I'd like to present a model of narrow-gauge locomotive PKS 3 (Powiatowe Koleje Sochaczeskie nr 3 - Sochaczew District Railways locomotive #3)and a plow snow onto the track 750 mm. Models are in 1:18 scale and are made of paper, only the wagon box is made ​​of wood. 
The models are static, with no drive. 
The originals are located in the museum railway in Sochaczew in Poland
Enjoy watching. (each picture is a link to the photo album)
   

   

 


And some details:


----------



## SteveC (Jan 2, 2008)

Adam

The reason that your images didn't display, is because you had the width & height set to 1, which means a picture that is 1 pixel wide x 1 pixel high. If you are going to manually set the dimensions then just use the "width" and set it to 800.

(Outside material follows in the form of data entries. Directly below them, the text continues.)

(* Let $K\subseteq L$ be convex bodies in $\mathbb{R}^d$ such that the origin is in the interior of $K\cap L$, and assume there is no nonempty finite collection of contact pairs $(v_1,p_1),\dots,(v_m,p_m)$ of $K$ and $L$ together with positive weights $\alpha_1,\dots,\alpha_m$ satisfying \[ \sum_{i=1}^m\alpha_i\,p_i\otimes v_i=\sum_{i=1}^m\alpha_i\,v_i\otimes p_i. \] Then for some $\varepsilon>0$ there is a differentiable path $R_t$, $t\in(0,\varepsilon]$, of orthogonal transformations of $\mathbb{R}^d$ such that $R_tK\subset\operatorname{int}L$ for all $t\in(0,\varepsilon]$.
   Context: A convex body is a compact convex set with nonempty interior. The polar of $S$ is $S^\circ=\{p:\langle x,p\rangle\le1\ \forall x\in S\}$. For convex bodies $K\subseteq L$, a contact pair of $K$ and $L$ is a pair $(v,p)$ with $v\in\partial K\cap\partial L$, $p\in\partial K^\circ\cap\partial L^\circ$, $\langle p,v\rangle=1$. For vectors $p,v$, $p\otimes v$ is the operator $x\mapsto\langle v,x\rangle p$. *)

theory Defs
  imports "HOL-Analysis.Analysis"
begin

definition convex_body :: "(real^'n) set \<Rightarrow> bool" where
  "convex_body S \<longleftrightarrow> compact S \<and> convex S \<and> interior S \<noteq> {}"

definition polar :: "(real^'n) set \<Rightarrow> (real^'n) set" where
  "polar S = {p. \<forall>x\<in>S. inner x p \<le> 1}"

definition contact_pair :: "(real^'n) set \<Rightarrow> (real^'n) set \<Rightarrow> real^'n \<Rightarrow> real^'n \<Rightarrow> bool" where
  "contact_pair K L v p \<longleftrightarrow>
     v \<in> frontier K \<inter> frontier L \<and>
     p \<in> frontier (polar K) \<inter> frontier (polar L) \<and>
     inner p v = 1"

text \<open>Matrix of the operator p \<otimes> v : x \<mapsto> (v \<bullet> x) p, i.e. p v^T.\<close>
definition tensor :: "real^'n \<Rightarrow> real^'n \<Rightarrow> real^'n^'n" where
  "tensor p v = (\<chi> i j. p$i * v$j)"

end

theory Submission
  imports Defs
begin

(*
  Let C be the compact set of pairs (v, p) in K \<times> polar L with <v, p> = 1; every such pair is
  a contact pair of K and L. The hypothesis says exactly that 0 is not in the convex hull of
  {p \<otimes> v - v \<otimes> p : (v, p) \<in> C}, so a hyperplane separates them: there are a skew
  matrix S and b > 0 with <p, S v> > b on C. The Cayley transform R = (I - tS)(I + tS)^-1 is
  orthogonal and R x = x - 2t S x + O(t^2). For all x \<in> K and p \<in> polar L this gives
  <R x, p> < 1 once t > 0 is small: where <p, S x> > b the first-order term wins, and elsewhere
  compactness yields <x, p> \<le> 1 - \<eta>. Hence R K lies in the interior of L, and the constant
  path at R is the required differentiable path.
*)

lemma closed_polar: "closed (polar S)"
proof -
  have "polar S = (\<Inter>x\<in>S. {p. inner x p \<le> 1})"
    by (auto simp: polar_def)
  then show ?thesis
    by (auto intro!: closed_INT closed_Collect_le continuous_intros)
qed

Your models look really great, please keep sharing them with us.


----------



## atst (Apr 8, 2011)

Thank You SteveC. Can You tell me haw to change width & height from 1 to 800? I made test and there my pictures are clear, so I don't know what I did wrong here. 
Pozdrawiam 
Adam


----------



## SteveC (Jan 2, 2008)

Adam

I don't know how/where you got the HTML code, but to see what it needs to look like.
[*] Use the "Quote" link located on the right side in the reply header of your originating reply.
[*] Then when the MLS HTML editor displays with the quoted text and pictures displayed.
[*] Just below the lower-left corner of the message content area you'll see 3 buttons (i.e. Normal, HTML, & Preview).
[*] By default the editor always comes up in the "Normal View" mode.
[*] Click the "HTML" button, and look for the value "200", and you'll see how the code needs to be.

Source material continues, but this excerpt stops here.